* _EXERCISE_:
Return all lines from the entries below in which the word "shows" is present.

* _DATASET RECORDS_:

lemma block_offset_add: "j \<in> {1..n} \<Longrightarrow> k \<in> {1..R j} \<Longrightarrow> block (offset (j - 1) + k) = j"
  using block_eqI offset_step[of j] by simp

lemma y_offset_add:
  assumes j: "j \<in> {1..n}" and k: "k \<le> R j"
  shows "y (offset (j - 1) + k) = a j k"
proof (cases "k \<ge> 1")
  case True
  then show ?thesis
    using block_offset_add[OF j] k unfolding y_def lap_index_def by simp
next
  case False
  then have k0: "k = 0" by simp
  show ?thesis
  proof (cases "j = 1")
    case True
    then show ?thesis using k0 a_first[OF j] x_0 by (simp add: y_def)
  next
    case j1: False
    then have j': "j - 1 \<in> {1..n}" using j by auto
    have "y (offset (j - 1 - 1) + R (j - 1)) = a (j - 1) (R (j - 1))"
      using block_offset_add[OF j', of "R (j - 1)"] R_pos[OF j']
      unfolding y_def lap_index_def by simp
    then show ?thesis
      using k0 offset_step[of "j - 1"] j' a_last[OF j'] a_first[OF j] by simp
  qed
qed

lemma y_offset: "j \<le> n \<Longrightarrow> y (offset j) = x j"
  using y_offset_add[of j "R j"] offset_step[of j] a_last[of j] x_0
  by (cases "j = 0") (auto simp: y_def)

lemma y_0: "y 0 = 0"
  by (simp add: y_def)

lemma y_lap_count: "y lap_count = 1"
  using y_offset[of n] x_n unfolding lap_count_def by simp

lemma lap_endpoints:
  assumes "p \<in> {1..lap_count}"
  shows "y (p - 1) = a (block p) (lap_index p - 1)" "y p = a (block p) (lap_index p)"
proof -
  note d = lap_decomp[OF assms]
  have "p - 1 = offset (block p - 1) + (lap_index p - 1)" using d by auto
  moreover have "lap_index p - 1 \<le> R (block p)" using d(2) by auto
  ultimately show "y (p - 1) = a (block p) (lap_index p - 1)"
    using y_offset_add[OF d(1)] by metis
  show "y p = a (block p) (lap_index p)"
    using y_offset_add[OF d(1), of "lap_index p"] d by simp
qed

lemma y_less_step:
  assumes "p \<in> {1..lap_count}"
  shows "y (p - 1) < y p"
proof -
  note d = lap_decomp[OF assms]
  have "a (block p) (lap_index p - 1) < a (block p) (Suc (lap_index p - 1))"
    using d by (intro a_less) auto
  moreover have "Suc (lap_index p - 1) = lap_index p" using d(2) by auto
  ultimately show ?thesis using lap_endpoints[OF assms] by simp
qed

lemma y_less: "q < p \<Longrightarrow> p \<le> lap_count \<Longrightarrow> y q < y p"
proof (induction p)
  case (Suc p)
  have "y p < y (Suc p)" using y_less_step[of "Suc p"] Suc.prems by simp
  then show ?case using Suc by (auto simp: less_Suc_eq)
qed simp

lemma y_inj: "q \<le> lap_count \<Longrightarrow> p \<le> lap_count \<Longrightarrow> y q = y p \<Longrightarrow> q = p"
  using y_less by (metis less_irrefl linorder_neqE_nat)

lemma lap_inj:
  assumes "q \<in> {1..lap_count}" "p \<in> {1..lap_count}" "{y (q - 1)..y q} = {y (p - 1)..y p}"
  shows "q = p"
proof -
  have "y (q - 1) \<le> y q" using y_less_step[OF assms(1)] by simp
  then have "y q = y p" using assms(3) by (simp add: Icc_eq_Icc)
  then show ?thesis using y_inj assms(1,2) by auto
qed

definition lap_target :: "nat \<Rightarrow> nat" where "lap_target p = T (block p) (lap_index p)"

definition lap_slope :: "nat \<Rightarrow> real" where "lap_slope p = S (block p) (lap_index p)"

definition lap_const :: "nat \<Rightarrow> real" where "lap_const p = C (block p) (lap_index p)"

lemma lap_target_range: "p \<in> {1..lap_count} \<Longrightarrow> lap_target p \<in> {1..n}"
  unfolding lap_target_def using target lap_decomp by blast

lemma lap_slope_cases: "p \<in> {1..lap_count} \<Longrightarrow> lap_slope p = lam \<or> lap_slope p = - lam"
  unfolding lap_slope_def using slope lap_decomp by blast

lemma lap_slope_nonzero: "p \<in> {1..lap_count} \<Longrightarrow> lap_slope p \<noteq> 0"
  using lap_slope_cases lam_pos by force

lemma lap_affine:
  "p \<in> {1..lap_count} \<Longrightarrow> t \<in> {y (p - 1)..y p} \<Longrightarrow> h t = lap_slope p * t + lap_const p"
  unfolding lap_slope_def lap_const_def using affine lap_decomp lap_endpoints by metis

lemma lap_ends_pos:
  "p \<in> {1..lap_count} \<Longrightarrow> lap_slope p = lam \<Longrightarrow>
   lam * y (p - 1) + lap_const p = x (lap_target p - 1) \<and> lam * y p + lap_const p = x (lap_target p)"
  unfolding lap_slope_def lap_const_def lap_target_def using piece_ends(1) lap_decomp lap_endpoints by metis

lemma lap_ends_neg:
  "p \<in> {1..lap_count} \<Longrightarrow> lap_slope p = - lam \<Longrightarrow>
   - lam * y p + lap_const p = x (lap_target p - 1) \<and> - lam * y (p - 1) + lap_const p = x (lap_target p)"
  unfolding lap_slope_def lap_const_def lap_target_def using piece_ends(2) lap_decomp lap_endpoints by metis

lemma h_lap_left_end:
  assumes p: "p \<in> {1..lap_count}"
  shows "h (y (p - 1)) = x (if lap_slope p = lam then lap_target p - 1 else lap_target p)"
proof -
  have "h (y (p - 1)) = lap_slope p * y (p - 1) + lap_const p"
    using lap_affine[OF p] y_less_step[OF p] by simp
  then show ?thesis
    using lap_ends_pos[OF p] lap_ends_neg[OF p] lap_slope_cases[OF p] lam_pos by auto
qed

lemma h_lap_right_end:
  assumes p: "p \<in> {1..lap_count}"
  shows "h (y p) = x (if lap_slope p = lam then lap_target p else lap_target p - 1)"
proof -
  have "h (y p) = lap_slope p * y p + lap_const p"
    using lap_affine[OF p] y_less_step[OF p] by simp
  then show ?thesis
    using lap_ends_pos[OF p] lap_ends_neg[OF p] lap_slope_cases[OF p] lam_pos by auto
qed

lemma lap_target_offset_add:
  "j \<in> {1..n} \<Longrightarrow> k \<in> {1..R j} \<Longrightarrow> lap_target (offset (j - 1) + k) = T j k"
  using block_offset_add unfolding lap_target_def lap_index_def by simp

lemma lap_offsets: "{Suc (offset (j - 1))..offset j} = (\<lambda>k. offset (j - 1) + k) ` {1..R j}"
  if "j \<ge> 1"
  using offset_step[OF that] by (auto simp: image_iff intro!: bexI[of _ "_ - offset (j - 1)"])

section \<open>The lap matrix\<close>

definition lap_matrix :: "nat \<Rightarrow> nat \<Rightarrow> nat" where
  "lap_matrix q p = (if offset (lap_target p - 1) < q \<and> q \<le> offset (lap_target p) then 1 else 0)"

definition lap_length :: "nat \<Rightarrow> real" where "lap_length p = y p - y (p - 1)"

lemma lap_matrix_01: "lap_matrix q p \<in> {0, 1}"
  unfolding lap_matrix_def by simp

lemma lap_matrix_eq_block:
  assumes "q \<in> {1..lap_count}" "p \<in> {1..lap_count}"
  shows "lap_matrix q p = (if block q = lap_target p then 1 else 0)"
  using block_eqI[OF lap_target_range[OF assms(2)]] block_bounds[OF assms(1)]
  unfolding lap_matrix_def by auto

lemma partition_pt_lap_length: "partition_pt lap_length = y"
proof
  fix p
  show "partition_pt lap_length p = y p"
    using sum_diff_telescope[of 0 p y] y_0 unfolding partition_pt_def lap_length_def by simp
qed

lemma sum_lap_block:
  assumes "i \<in> {1..n}"
  shows "(\<Sum>q=1..lap_count. if offset (i - 1) < q \<and> q \<le> offset i then f q else 0)
       = (\<Sum>q\<in>{Suc (offset (i - 1))..offset i}. f q)"
proof -
  have "{q\<in>{1..lap_count}. offset (i - 1) < q \<and> q \<le> offset i} = {Suc (offset (i - 1))..offset i}"
    using offset_le_lap_count[of i] assms by auto
  then show ?thesis by (simp add: sum.inter_filter[symmetric])
qed

lemma perron_lap_matrix: "perron_left_vector lap_count lap_matrix lam lap_length"
  unfolding perron_left_vector_def
proof (intro conjI ballI)
  show "lap_length p > 0" if "p \<in> {1..lap_count}" for p
    using y_less_step[OF that] unfolding lap_length_def by simp
  show "(\<Sum>p=1..lap_count. lap_length p) = 1"
    using partition_pt_lap_length y_lap_count unfolding partition_pt_def by metis
  fix p assume p: "p \<in> {1..lap_count}"
  let ?i = "lap_target p"
  have i: "?i \<in> {1..n}" using lap_target_range[OF p] .
  have "(\<Sum>q=1..lap_count. real (lap_matrix q p) * lap_length q)
      = (\<Sum>q=1..lap_count. if offset (?i - 1) < q \<and> q \<le> offset ?i then lap_length q else 0)"
    unfolding lap_matrix_def by (intro sum.cong) auto
  also have "\<dots> = (\<Sum>q\<in>{Suc (offset (?i - 1))..offset ?i}. lap_length q)"
    by (rule sum_lap_block[OF i])
  also have "\<dots> = y (offset ?i) - y (offset (?i - 1))"
    unfolding lap_length_def by (rule sum_diff_telescope) (rule offset_mono, simp)
  also have "\<dots> = x ?i - x (?i - 1)"
    using y_offset[of ?i] y_offset[of "?i - 1"] i by auto
  also have "\<dots> = v ?i"
    using x_diff[of ?i] i by auto
  also have "\<dots> = lam * lap_length p"
    using piece_length lap_decomp[OF p] lap_endpoints[OF p] unfolding lap_length_def lap_target_def
    by metis
  finally show "(\<Sum>q=1..lap_count. real (lap_matrix q p) * lap_length q) = lam * lap_length p" .
qed

lemma leading_eigenvalue_lap_matrix: "leading_eigenvalue lap_count lap_matrix = lam"
proof -
  have "spectral_radius (to_mat lap_count (\<lambda>q p. complex_of_real (real (lap_matrix q p)))) = lam"
    using perron_lap_matrix lap_count_pos
    by (intro spectral_radius_eq_left_eigenvalue) (auto simp: perron_left_vector_def)
  then show ?thesis
    unfolding leading_eigenvalue_def by simp
qed

lemma card_target:
  assumes i: "i \<in> {1..n}" and u: "u \<in> {1..n}"
  shows "card {k\<in>{1..R i}. T i k = u} = M u i"
proof -
  have "{k\<in>{1..R i}. T i k = u} = {k\<in>{1..R i}. h ` {a i (k - 1)..a i k} = {x (u - 1)..x u}}"
    using target_image[OF i] interval_inj[OF target[OF i] u] by auto
  then show ?thesis using card_laps[OF u i] by simp
qed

* _ANSWER TO THIS TASK_:
  shows "y (offset (j - 1) + k) = a j k"
  shows "y (p - 1) = a (block p) (lap_index p - 1)" "y p = a (block p) (lap_index p)"
  shows "y (p - 1) < y p"
  shows "q = p"
  shows "h (y (p - 1)) = x (if lap_slope p = lam then lap_target p - 1 else lap_target p)"
  shows "h (y p) = x (if lap_slope p = lam then lap_target p else lap_target p - 1)"
  shows "lap_matrix q p = (if block q = lap_target p then 1 else 0)"
  shows "(\<Sum>q=1..lap_count. if offset (i - 1) < q \<and> q \<le> offset i then f q else 0)
  shows "card {k\<in>{1..R i}. T i k = u} = M u i"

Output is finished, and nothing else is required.